This article is part of the supplement: Genetic Analysis Workshop 17: Unraveling Human Exome Data
Large-scale risk prediction applied to Genetic Analysis Workshop 17 mini-exome sequence data
1 Department of Epidemiology and Public Health, Yale University, 60 College Street, New Haven, CT 06520, USA
2 Keck Laboratory, Yale University, 300 George Street, New Haven, CT 06511, USA
3 Department of Electronic Science and Technology, University of Science and Technology of China, Hefei, China
4 Bioinformatics and Molecular Imaging Key Laboratory, Huazhong University of Science and Technology, Wuhan, China
BMC Proceedings 2011, 5(Suppl 9):S46 doi:10.1186/1753-6561-5-S9-S46Published: 29 November 2011
We consider the application of Efron’s empirical Bayes classification method to risk prediction in a genome-wide association study using the Genetic Analysis Workshop 17 (GAW17) data.
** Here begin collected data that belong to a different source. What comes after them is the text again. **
lemma sum_nth_distinct:
  "distinct xs \<Longrightarrow> (\<Sum>c\<in>{0..<length xs}. f (xs ! c)) = sum f (set xs)"
  by (simp add: sum.distinct_set_conv_list sum_list_sum_nth)

lemma PL_before_first_choice:
  fixes \<theta> :: "real^'d"
  assumes "finite T" "T \<noteq> {}"
  shows "PL_before \<theta> B T =
    (\<Sum>x\<in>T. exp (\<theta> $ x) / (weight \<theta> T + weight \<theta> B) * PL_before \<theta> B (T - {x}))"
proof -
  define g where "g \<sigma> = (\<Prod>u<length \<sigma>. exp (\<theta> $ (\<sigma> ! u)) /
          ((\<Sum>c\<in>{u..<length \<sigma>}. exp (\<theta> $ (\<sigma> ! c))) + weight \<theta> B))" for \<sigma> :: "'d list"
  have PL_g: "PL_before \<theta> B A = sum g (permutations_of_set A)" for A
    unfolding PL_before_def g_def weight_def ..
  have g_Cons: "g (x # \<sigma>) = exp (\<theta> $ x) / (weight \<theta> T + weight \<theta> B) * g \<sigma>"
    if "\<sigma> \<in> permutations_of_set (T - {x})" "x \<in> T" for x \<sigma>
  proof -
    have "distinct (x # \<sigma>)" "set (x # \<sigma>) = T"
      using that by (auto simp: permutations_of_set_def)
    then have total: "(\<Sum>c\<in>{0..<length (x # \<sigma>)}. exp (\<theta> $ ((x # \<sigma>) ! c))) = weight \<theta> T"
      unfolding weight_def by (subst sum_nth_distinct) auto
    have tail: "(\<Sum>c\<in>{Suc u..<length (x # \<sigma>)}. exp (\<theta> $ ((x # \<sigma>) ! c)))
        = (\<Sum>c\<in>{u..<length \<sigma>}. exp (\<theta> $ (\<sigma> ! c)))" for u
      by (simp add: sum.shift_bounds_Suc_ivl del: sum.op_ivl_Suc)
    have "g (x # \<sigma>) = exp (\<theta> $ ((x # \<sigma>) ! 0)) /
          ((\<Sum>c\<in>{0..<length (x # \<sigma>)}. exp (\<theta> $ ((x # \<sigma>) ! c))) + weight \<theta> B)
        * (\<Prod>u<length \<sigma>. exp (\<theta> $ ((x # \<sigma>) ! Suc u)) /
          ((\<Sum>c\<in>{Suc u..<length (x # \<sigma>)}. exp (\<theta> $ ((x # \<sigma>) ! c))) + weight \<theta> B))"
      unfolding g_def by (simp only: length_Cons prod.lessThan_Suc_shift)
    then show ?thesis
      unfolding total tail g_def by simp
  qed
  have "sum g (permutations_of_set T) =
      (\<Sum>x\<in>T. sum g ((#) x ` permutations_of_set (T - {x})))"
    unfolding permutations_of_set_nonempty[OF assms(2)]
    by (rule sum.UNION_disjoint) (use assms in auto)
  also have "\<dots> = (\<Sum>x\<in>T. \<Sum>\<sigma>\<in>permutations_of_set (T - {x}). g (x # \<sigma>))"
    by (intro sum.cong refl sum.reindex_cong[of "(#) _"]) (auto intro: inj_onI)
  also have "\<dots> = (\<Sum>x\<in>T. exp (\<theta> $ x) / (weight \<theta> T + weight \<theta> B) *
      sum g (permutations_of_set (T - {x})))"
    by (rule sum.cong[OF refl]) (simp add: g_Cons sum_distrib_left)
  finally show ?thesis by (simp add: PL_g)
qed

lemma sum_Pow_minus_one_power:
  assumes "finite A" "A \<noteq> {}"
  shows "(\<Sum>S\<in>Pow A. (-1) ^ card S) = (0 :: 'a :: comm_ring_1)"
proof -
  have "0 < card A"
    using assms by (simp add: card_gt_0_iff)
  then show ?thesis
    using prod_diff_conv_sum[OF assms(1), of "\<lambda>_. 1::'a" "\<lambda>_. 1"] by (simp add: power_0_left)
qed

definition PL_alternating :: "real^'d \<Rightarrow> 'd set \<Rightarrow> 'd set \<Rightarrow> real" where
  "PL_alternating \<theta> B T =
     (\<Sum>S\<in>Pow T. (-1) ^ card S * (weight \<theta> B / (weight \<theta> B + weight \<theta> S)))"

lemma PL_alternating_first_choice:
  fixes \<theta> :: "real^'d"
  assumes T: "finite T" "T \<noteq> {}" and B: "0 < weight \<theta> B"
  shows "PL_alternating \<theta> B T =
    (\<Sum>x\<in>T. exp (\<theta> $ x) / (weight \<theta> T + weight \<theta> B) * PL_alternating \<theta> B (T - {x}))"
proof -
  define f where "f S = (-1) ^ card S * (weight \<theta> B / (weight \<theta> B + weight \<theta> S))" for S
  have alternating_eq: "PL_alternating \<theta> B A = sum f (Pow A)" for A
    unfolding PL_alternating_def f_def ..
  have f_weight: "f S * (weight \<theta> B + weight \<theta> S) = (-1) ^ card S * weight \<theta> B" for S
    using B weight_nonneg[of \<theta> S] unfolding f_def by simp
  have "(\<Sum>x\<in>T. exp (\<theta> $ x) * PL_alternating \<theta> B (T - {x}))
      = (\<Sum>x\<in>T. \<Sum>S\<in>{S\<in>Pow T. x \<notin> S}. exp (\<theta> $ x) * f S)"
    unfolding alternating_eq sum_distrib_left by (intro sum.cong refl) (auto simp: Pow_def)
  also have "\<dots> = (\<Sum>S\<in>Pow T. \<Sum>x\<in>T - S. exp (\<theta> $ x) * f S)"
    by (subst sum.swap_restrict) (use T in \<open>auto intro!: sum.cong\<close>)
  also have "\<dots> = (\<Sum>S\<in>Pow T. f S * (weight \<theta> T - weight \<theta> S))"
    unfolding weight_def using T(1)
    by (intro sum.cong refl) (auto simp: sum_diff right_diff_distrib sum_distrib_left mult.commute)
  also have "\<dots> = (weight \<theta> T + weight \<theta> B) * PL_alternating \<theta> B T
      - (\<Sum>S\<in>Pow T. (-1) ^ card S) * weight \<theta> B"
    unfolding alternating_eq sum_distrib_left sum_distrib_right f_weight[symmetric] sum_subtractf[symmetric]
    by (intro sum.cong refl) (simp add: algebra_simps)
  finally have "(weight \<theta> T + weight \<theta> B) * PL_alternating \<theta> B T =
      (\<Sum>x\<in>T. exp (\<theta> $ x) * PL_alternating \<theta> B (T - {x}))"
    using sum_Pow_minus_one_power[OF T, where 'a=real] by simp
  moreover have "0 < weight \<theta> T + weight \<theta> B"
    using B weight_nonneg[of \<theta> T] by linarith
  ultimately show ?thesis
    by (simp add: sum_divide_distrib[symmetric] field_simps)
qed

lemma PL_before_eq_alternating:
  fixes \<theta> :: "real^'d"
  assumes "finite T" and B: "0 < weight \<theta> B"
  shows "PL_before \<theta> B T = PL_alternating \<theta> B T"
  using assms(1)
proof (induction T rule: finite_psubset_induct)
  case (psubset T)
  show ?case
  proof (cases "T = {}")
    case True
    then show ?thesis
      using B by (simp add: PL_before_def PL_alternating_def weight_def)
  next
    case False
    have "PL_before \<theta> B T =
        (\<Sum>x\<in>T. exp (\<theta> $ x) / (weight \<theta> T + weight \<theta> B) * PL_before \<theta> B (T - {x}))"
      by (rule PL_before_first_choice[OF psubset.hyps False])
    also have "\<dots> =
        (\<Sum>x\<in>T. exp (\<theta> $ x) / (weight \<theta> T + weight \<theta> B) * PL_alternating \<theta> B (T - {x}))"
      using psubset.IH by (intro sum.cong refl) auto
    also have "\<dots> = PL_alternating \<theta> B T"
      by (rule PL_alternating_first_choice[symmetric, OF psubset.hyps False B])
    finally show ?thesis .
  qed
qed

section \<open>An integral representation\<close>

lemma integral_exp_minus_scaled_exp:
  fixes c :: real
  assumes c: "0 < c"
  shows "integrable lborel (\<lambda>s. exp (s - c * exp s))"
    and "integral\<^sup>L lborel (\<lambda>s. exp (s - c * exp s)) = 1 / c"
proof -
  define F where "F s = - exp (- (c * exp s)) / c" for s
  have F_deriv: "DERIV F s :> exp (s - c * exp s)" for s
  proof -
    have "DERIV F s :> - (exp (- (c * exp s)) * (- (c * exp s))) / c"
      unfolding F_def by (auto intro!: derivative_eq_intros)
    moreover have "- (exp (- (c * exp s)) * (- (c * exp s))) / c = exp (s - c * exp s)"
      using c by (simp add: exp_diff exp_minus field_simps)
    ultimately show ?thesis by simp
  qed
  have "(F \<longlongrightarrow> - exp (- (c * 0)) / c) at_bot"
    unfolding F_def by (intro tendsto_intros exp_at_bot) (use c in auto)
  then have F_bot: "((F \<circ> real_of_ereal) \<longlongrightarrow> - 1 / c) (at_right (-\<infinity>))"
    unfolding at_right_MInf tendsto_compose_filtermap by (simp add: filtermap_filtermap)
  have "filterlim (\<lambda>s. c * exp s) at_top at_top"
    by (rule filterlim_tendsto_pos_mult_at_top[OF tendsto_const c exp_at_top])
  then have "filterlim (\<lambda>s. - (c * exp s)) at_bot at_top"
    by (simp add: filterlim_uminus_at_top)
  then have "((\<lambda>s. exp (- (c * exp s))) \<longlongrightarrow> 0) at_top"
    by (rule filterlim_compose[OF exp_at_bot])
  then have "(F \<longlongrightarrow> - 0 / c) at_top"
    unfolding F_def by (intro tendsto_divide tendsto_minus tendsto_const) (use c in auto)
  then have F_top: "((F \<circ> real_of_ereal) \<longlongrightarrow> 0) (at_left \<infinity>)"
    unfolding at_left_PInf tendsto_compose_filtermap by (simp add: filtermap_filtermap)
  note FTC = interval_integral_FTC_nonneg[of "-\<infinity>" "\<infinity>" F "\<lambda>s. exp (s - c * exp s)" "-1/c" 0]
  have "set_integrable lborel (einterval (-\<infinity>) \<infinity>) (\<lambda>s. exp (s - c * exp s))"
    and "(LBINT s=-\<infinity>..\<infinity>. exp (s - c * exp s)) = 0 - (-1/c)"
    by (rule FTC; use F_deriv F_bot F_top in \<open>auto intro!: continuous_intros\<close>)+
  then show "integrable lborel (\<lambda>s. exp (s - c * exp s))"
    and "integral\<^sup>L lborel (\<lambda>s. exp (s - c * exp s)) = 1 / c"
    by (simp_all add: set_integrable_def interval_lebesgue_integral_def set_lebesgue_integral_def)
qed
definition greedy :: "(nat \<Rightarrow> real) \<Rightarrow> nat \<Rightarrow> strategy \<Rightarrow> bool" where
  "greedy ci m s \<longleftrightarrow> (\<forall>tau h. remaining m h \<noteq> {} \<longrightarrow>
      s tau h \<in> remaining m h \<and> (\<forall>y\<in>remaining m h. ci (s tau h) \<le> ci y))"

text \<open>d_(k+1): the k-th (0-based) largest disvalue, padded with zeros.\<close>
definition dsorted :: "(nat \<Rightarrow> real) \<Rightarrow> nat \<Rightarrow> nat \<Rightarrow> real" where
  "dsorted ci m k = (let L = rev (sort (map ci [0..<m])) in if k < length L then L ! k else 0)"

definition CS :: "(nat \<Rightarrow> real) \<Rightarrow> nat \<Rightarrow> nat \<Rightarrow> real" where
  "CS ci n m = max ((\<Sum>j<m. ci j) / real n)
                   (max (dsorted ci m 0) (dsorted ci m (n - 1) + dsorted ci m n))"

end

theory Submission
  imports Defs
begin

(* A greedy agent who picks when x + 1 chores remain receives a chore of disvalue at most
   d_(x+1).  The mechanism runs one fixed picking sequence under a uniformly random cyclic
   relabelling of the agents.  Relabelling permutes the roles without changing the distribution,
   so all roles have the same risk averse value (EF-RA); and every position of the sequence
   goes to a given agent under exactly one relabelling, so the expected disvalue of a greedy
   agent is at most (1/n) (d_1 + ... + d_m) = c_i(M)/n.
   For the ex-post bound the sequence is read backwards: agents 1, ..., n hold the last n
   positions, and the earlier positions follow a pattern of period 5n in which every agent
   holds at most  alpha K/n + beta [K >= 1] + gamma ([K >= n] + [K >= n + 1])  of the last K
   positions, for coefficients of the agent with alpha + beta + gamma = 8/5.  Summation by parts
   against the non-increasing d turns this count into
   alpha c_i(M)/n + beta d_1 + gamma (d_n + d_(n+1)) <= 8/5 CS_i. *)

section \<open>Greedy picks\<close>

lemma length_run [simp]: "length (run P tau m r) = r"
  by (induction r) (simp_all add: Let_def)

lemma nth_run: "r < r' \<Longrightarrow> run P tau m r' ! r = run P tau m (Suc r) ! r"
proof (induction r')
  case (Suc r')
  show ?case
  proof (cases "r < r'")
    case True
    then show ?thesis using Suc by (simp add: Let_def nth_append)
  next
    case False
    with Suc.prems have "r = r'" by simp
    then show ?thesis by simp
  qed
qed simp

lemma card_remaining:
  assumes "distinct h" "set h \<subseteq> {..<m}"
  shows "card (remaining m h) = m - length h"
  using assms distinct_card[OF assms(1)] unfolding remaining_def
  by (simp add: card_Diff_subset subset_eq)

lemma run_distinct_subset:
  "r \<le> m \<Longrightarrow> distinct (run P tau m r) \<and> set (run P tau m r) \<subseteq> {..<m}"
proof (induction r)
  case (Suc r)
  let ?h = "run P tau m r"
  have h: "distinct ?h" "set ?h \<subseteq> {..<m}" using Suc by auto
  then have "remaining m ?h \<noteq> {}" using card_remaining[OF h] Suc.prems by auto
  then have "Min (remaining m ?h) \<in> remaining m ?h" by (intro Min_in) (simp_all add: remaining_def)
  then show ?case using h by (auto simp: Let_def remaining_def)
qed simp
lemma jac_ip_bernstein_pochhammer:
  fixes \<alpha> \<beta> :: real
  assumes ab: "\<alpha> > -1" "\<beta> > -1" and n: "n = m + k + l" and pq: "p \<le> m" "q \<le> m"
  defines "a \<equiv> \<alpha> + 2 * real l + 1" and "b \<equiv> \<beta> + 2 * real k + 1"
  shows "jac_ip \<alpha> \<beta> (bernstein n (k+p)) (bernstein n (k+q)) =
         real (n choose (k+p)) * real (n choose (k+q)) * Beta b a
           * pochhammer b (p+q) * pochhammer a (2*m - (p+q)) / pochhammer (b + a) (2*m)"
proof -
  have "a > 0" "b > 0" using ab by (auto simp: a_def b_def)
  have left: "\<beta> + real (k + p + (k + q)) + 1 = b + real (p+q)" unfolding b_def by simp
  have "2 * n - (k + p) - (k + q) = 2 * l + (2*m - (p+q))" using n pq by auto
  then have right: "\<alpha> + real (2 * n - (k + p) - (k + q)) + 1 = a + real (2*m - (p+q))"
    unfolding a_def by simp
  have total: "p + q + (2*m - (p+q)) = 2*m" using pq by simp
  have "jac_ip \<alpha> \<beta> (bernstein n (k+p)) (bernstein n (k+q)) = real (n choose (k+p)) * real (n choose (k+q))
          * Beta (\<beta> + real (k + p + (k + q)) + 1) (\<alpha> + real (2 * n - (k + p) - (k + q)) + 1)"
    using n pq by (intro jac_ip_bernstein[OF ab]) simp_all
  also have "\<dots> = real (n choose (k+p)) * real (n choose (k+q)) * Beta (b + real (p+q)) (a + real (2*m - (p+q)))"
    by (simp only: left right)
  also have "\<dots> = real (n choose (k+p)) * real (n choose (k+q)) * Beta b a
           * pochhammer b (p+q) * pochhammer a (2*m - (p+q)) / pochhammer (b + a) (2*m)"
    unfolding Beta_shift_nat[OF \<open>b > 0\<close> \<open>a > 0\<close>] total by simp
  finally show ?thesis .
qed

lemma jac_ip_explicit_dual:
  fixes \<alpha> \<beta> :: real
  assumes ab: "\<alpha> > -1" "\<beta> > -1" and kl: "k + l \<le> n" and q: "q \<le> n - k - l"
  shows "jac_ip \<alpha> \<beta> (explicit_dual \<alpha> \<beta> n k l) (bernstein n (k+q)) = (if q = 0 then 1 else 0)"
proof -
  define m where "m = n - k - l"
  define a where "a = \<alpha> + 2 * real l + 1"
  define b where "b = \<beta> + 2 * real k + 1"
  define E where "E = dual_norm \<alpha> \<beta> n k l"
  define K where "K = real (n choose (k+q)) * E * Beta b a / pochhammer (b + a) (2*m)"
  have n: "n = m + k + l" using kl m_def by simp
  have "a > 0" "b > 0" using ab by (auto simp: a_def b_def)
  have qm: "q \<le> m" using q m_def by simp
  have "jac_ip \<alpha> \<beta> (explicit_dual \<alpha> \<beta> n k l) (bernstein n (k+q)) =
        (\<Sum>j=k..n-l. explicit_dual_coeff \<alpha> \<beta> n k l j * jac_ip \<alpha> \<beta> (bernstein n j) (bernstein n (k+q)))"
    unfolding explicit_dual_def jac_ip_eq_jacobi_integral sum_distrib_right
    by (simp add: jacobi_integral_sum[OF ab] jacobi_integral_smult)
  also have "\<dots> = (\<Sum>p\<le>m. explicit_dual_coeff \<alpha> \<beta> n k l (k+p) * jac_ip \<alpha> \<beta> (bernstein n (k+p)) (bernstein n (k+q)))"
    using sum.atLeastAtMost_shift_bounds[of _ 0 k m] n
    by (simp add: atMost_atLeast0 add.commute)
  also have "\<dots> = K * (\<Sum>p\<le>m. dual_weight a b m p * pochhammer b (p+q) * pochhammer a (2*m - (p+q)))"
    unfolding sum_distrib_left
  proof (rule sum.cong[OF refl])
    fix p assume "p \<in> {..m}"
    then have p: "p \<le> m" by simp
    have "explicit_dual_coeff \<alpha> \<beta> n k l (k+p) * real (n choose (k+p)) = E * dual_weight a b m p"
      using p n unfolding explicit_dual_coeff_def E_def a_def b_def m_def by auto
    then show "explicit_dual_coeff \<alpha> \<beta> n k l (k+p) * jac_ip \<alpha> \<beta> (bernstein n (k+p)) (bernstein n (k+q)) =
          K * (dual_weight a b m p * pochhammer b (p+q) * pochhammer a (2*m - (p+q)))"
      unfolding jac_ip_bernstein_pochhammer[OF ab n p qm] K_def a_def[symmetric] b_def[symmetric]
      by (simp add: field_simps)
  qed
  also have "\<dots> = (if q = 0 then 1 else 0)"
  proof (cases "q = 0")
    case False
    then show ?thesis using dual_weight_sum_vanishes[OF \<open>a > 0\<close> \<open>b > 0\<close>, of q m] qm by simp
  next
    case True
    have P2: "pochhammer (b + a) (2*m) = pochhammer (a + b) m * pochhammer (a + b + real m) m"
      using pochhammer_product'[of "a + b" m m] by (simp add: mult_2 add.commute)
    have E: "E = pochhammer (a + b) m * pochhammer (b + 1) m
                 / (real (n choose k) * Beta a b * pochhammer a m * fact m)"
      unfolding E_def dual_norm_def a_def b_def m_def Let_def ..
    have "real (n choose k) > 0" "Beta a b > 0" "pochhammer a m > 0" "pochhammer (b+1) m > 0"
      "pochhammer (a + b) m > 0" "pochhammer (a + b + real m) m > 0" "(fact m :: real) > 0"
      using \<open>a > 0\<close> \<open>b > 0\<close> kl by (auto intro!: pochhammer_pos Beta_pos_real)
    moreover have "(\<Sum>p\<le>m. dual_weight a b m p * pochhammer b (p+q) * pochhammer a (2*m - (p+q))) =
          pochhammer a m * pochhammer (a + b + real m) m * fact m / pochhammer (b + 1) m"
      using dual_weight_sum_0[OF \<open>a > 0\<close> \<open>b > 0\<close>, of m] True by simp
    ultimately show ?thesis using True
      unfolding K_def E
        Beta_commute[of b a] P2 by (simp add: field_simps)
  qed
  finally show ?thesis .
qed
text \<open>The limit lambda_1 lambda_2 increasing to 1, over pairs (lambda_1,lambda_2) with
  lambda_1, lambda_2 > 0 and lambda_1 lambda_2 < 1.\<close>
definition lam_filter :: "(real \<times> real) filter" where
  "lam_filter = inf (principal {l. 0 < fst l \<and> 0 < snd l})
                    (filtercomap (\<lambda>l. fst l * snd l) (at_left 1))"

end

theory Submission
  imports Defs
begin

text \<open>Write \<open>\<phi>\<^sub>i(x) = x / (\<lambda>\<^sub>j + x \<kappa>\<^sub>i(x))\<close>, where \<open>\<kappa>\<^sub>i\<close> (\<open>phi_coeff\<close> below)
  is positive, decreasing and bounded below by \<open>2 / (\<delta>\<^sub>0 + 2\<delta>\<^sub>i)\<close>. A fixed point then satisfies \<open>\<theta>\<^sub>2 = A \<theta>\<^sub>1\<close> and
  \<open>\<theta>\<^sub>1 = B \<theta>\<^sub>2\<close> with \<open>A = \<lambda>\<^sub>2 + \<theta>\<^sub>2 \<kappa>\<^sub>1(\<theta>\<^sub>2)\<close> and \<open>B = \<lambda>\<^sub>1 + \<theta>\<^sub>1 \<kappa>\<^sub>2(\<theta>\<^sub>1)\<close>, hence \<open>A B = 1\<close>.
  Along the curve \<open>\<theta>\<^sub>1 = \<phi>\<^sub>1(\<theta>\<^sub>2)\<close> the product \<open>A B\<close> is continuous and strictly increasing
  in \<open>\<theta>\<^sub>2\<close>, from \<open>\<lambda>\<^sub>1\<lambda>\<^sub>2 < 1\<close> to \<open>\<infinity>\<close>, which gives existence and uniqueness. Since \<open>B \<ge> \<lambda>\<^sub>1\<close>
  and \<open>A \<ge> \<lambda>\<^sub>2\<close>, the identity \<open>A B = 1\<close> forces
  \<open>1 - \<lambda>\<^sub>1\<lambda>\<^sub>2 \<ge> \<lambda>\<^sub>1 \<theta>\<^sub>2 \<kappa>\<^sub>1(\<theta>\<^sub>2) \<ge> \<lambda>\<^sub>1\<lambda>\<^sub>2 \<theta>\<^sub>1 \<cdot> 2 / (\<delta>\<^sub>0 + 2\<delta>\<^sub>1)\<close>, so both loadings are
  \<open>O(1 - \<lambda>\<^sub>1\<lambda>\<^sub>2)\<close>. Finally \<open>p\<^sub>1\<^sup>* + p\<^sub>2\<^sup>* = 1 / (1 + 2\<theta>\<^sub>1\<theta>\<^sub>2 / (\<delta>\<^sub>0(\<theta>\<^sub>1 + \<theta>\<^sub>2)))\<close> and
  \<open>\<theta>\<^sub>1\<theta>\<^sub>2 / (\<theta>\<^sub>1 + \<theta>\<^sub>2) \<le> \<theta>\<^sub>2\<close>.\<close>

definition phi_coeff :: "real \<Rightarrow> real \<Rightarrow> real \<Rightarrow> real \<Rightarrow> real" where
  "phi_coeff d0 di lj x = (2*x + (1+lj)*d0) / ((d0 + 2*di)*x + (1+lj)*d0*di)"

lemma phi_coeff_denom_pos:
  assumes "0 < d0" "0 < di" "0 < lj" "0 \<le> (x::real)"
  shows "0 < (d0 + 2*di)*x + (1+lj)*d0*di"
  using assms by (intro add_nonneg_pos mult_nonneg_nonneg mult_pos_pos) auto

lemma phi_coeff_ge:
  assumes "0 < d0" "0 < di" "0 < lj" "0 \<le> (x::real)"
  shows "2 / (d0 + 2*di) \<le> phi_coeff d0 di lj x"
proof -
  have "0 \<le> (1+lj)*d0*d0" using assms by simp
  then have "2 * ((d0 + 2*di)*x + (1+lj)*d0*di) \<le> (2*x + (1+lj)*d0) * (d0 + 2*di)"
    by (simp add: algebra_simps)
  then show ?thesis
    using phi_coeff_denom_pos[OF assms] assms by (simp add: phi_coeff_def divide_simps)
qed
lemma bqf_equiv_refl: "bqf_equiv f f"
  using bqf_equiv_act[of 1 1 0 0 f] by simp

lemma bqf_equiv_sym:
  assumes "bqf_equiv f g"
  shows "bqf_equiv g f"
proof -
  obtain p q r s where det: "p * s - q * r = 1" and g: "g = bqf_act p q r s f"
    using assms unfolding bqf_equiv_def by blast
  have "s * p - (-q) * (-r) = 1" using det by (simp add: mult.commute)
  then show ?thesis using bqf_equiv_act bqf_act_inverse[OF det] g by metis
qed

lemma bqf_equiv_trans:
  assumes "bqf_equiv f g" "bqf_equiv g h"
  shows "bqf_equiv f h"
proof -
  obtain p q r s where det: "p * s - q * r = 1" and g: "g = bqf_act p q r s f"
    using assms(1) unfolding bqf_equiv_def by blast
  obtain p' q' r' s' where det': "p' * s' - q' * r' = 1" and h: "h = bqf_act p' q' r' s' g"
    using assms(2) unfolding bqf_equiv_def by blast
  have "(p * p' + q * r') * (r * q' + s * s') - (p * q' + q * s') * (r * p' + s * r')
          = (p * s - q * r) * (p' * s' - q' * r')"
    by (simp add: algebra_simps)
  with det det' have "bqf_equiv f (bqf_act (p * p' + q * r') (p * q' + q * s')
                                    (r * p' + s * r') (r * q' + s * s') f)"
    by (intro bqf_equiv_act) simp
  then show ?thesis by (simp add: g h bqf_act_act)
qed
inductive_set addspan :: "'m::ab_group_add set \<Rightarrow> 'm set" for S where
  zero: "0 \<in> addspan S"
| gen: "x \<in> S \<Longrightarrow> x \<in> addspan S"
| add: "x \<in> addspan S \<Longrightarrow> y \<in> addspan S \<Longrightarrow> x + y \<in> addspan S"
| neg: "x \<in> addspan S \<Longrightarrow> - x \<in> addspan S"

fun idpow :: "'r::ring_1 set \<Rightarrow> nat \<Rightarrow> 'r set" where
  "idpow I 0 = UNIV"
| "idpow I (Suc n) = addspan {a * b | a b. a \<in> idpow I n \<and> b \<in> I}"

definition modpow :: "('r::ring_1 \<Rightarrow> 'm::ab_group_add \<Rightarrow> 'm) \<Rightarrow> 'r set \<Rightarrow> nat \<Rightarrow> 'm set \<Rightarrow> 'm set" where
  "modpow sm I n M = addspan {sm a m | a m. a \<in> idpow I n \<and> m \<in> M}"

definition ssum :: "'m::ab_group_add set \<Rightarrow> 'm set \<Rightarrow> 'm set" where
  "ssum A B = {a + b | a b. a \<in> A \<and> b \<in> B}"

definition subgrp :: "'m::ab_group_add set \<Rightarrow> 'm monoid" where
  "subgrp A = \<lparr>carrier = A, mult = (+), one = 0\<rparr>"

abbreviation addgrp :: "'m::ab_group_add monoid" where
  "addgrp \<equiv> subgrp UNIV"

text \<open>A filtered complex inside an ambient abelian group 'm: F i n is the piece F^i C^n
  (with F^i C^n = C^n for i <= 0), and d is the (total) differential.\<close>

definition ssZ :: "(int \<Rightarrow> int \<Rightarrow> 'm::ab_group_add set) \<Rightarrow> ('m \<Rightarrow> 'm) \<Rightarrow> int \<Rightarrow> int \<Rightarrow> int \<Rightarrow> 'm set" where
  "ssZ F d k i j = {x \<in> F i (i + j). d x \<in> F (i + k) (i + j + 1)}"

definition ssB :: "(int \<Rightarrow> int \<Rightarrow> 'm::ab_group_add set) \<Rightarrow> ('m \<Rightarrow> 'm) \<Rightarrow> int \<Rightarrow> int \<Rightarrow> int \<Rightarrow> 'm set" where
  "ssB F d k i j = F i (i + j) \<inter> d ` (F (i - k) (i + j - 1))"

definition ssDen :: "(int \<Rightarrow> int \<Rightarrow> 'm::ab_group_add set) \<Rightarrow> ('m \<Rightarrow> 'm) \<Rightarrow> int \<Rightarrow> int \<Rightarrow> int \<Rightarrow> 'm set" where
  "ssDen F d k i j = ssum (ssZ F d (k - 1) (i + 1) (j - 1)) (ssB F d (k - 1) i j)"

definition ssE :: "(int \<Rightarrow> int \<Rightarrow> 'm::ab_group_add set) \<Rightarrow> ('m \<Rightarrow> 'm) \<Rightarrow> int \<Rightarrow> int \<Rightarrow> int \<Rightarrow> 'm set monoid" where
  "ssE F d k i j = subgrp (ssZ F d k i j) Mod ssDen F d k i j"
A major advantage of using this method is that the effect size distribution for the set of possible features is empirically estimated and that all subsequent parameter estimation and risk prediction is guided by this distribution. Here, we generalize Efron’s method to allow for some of the peculiarities of the GAW17 data. In particular, we introduce two ways to extend Efron’s model: a weighted empirical Bayes model and a joint covariance model that allows the model to properly incorporate the annotation information of single-nucleotide polymorphisms (SNPs). In the course of our analysis, we examine several aspects of the possible simulation model, including the identity of the most important genes, the differing effects of synonymous and nonsynonymous SNPs, and the relative roles of covariates and genes in conferring disease risk. Finally, we compare the three methods to each other and to other classifiers (random forest and neural network).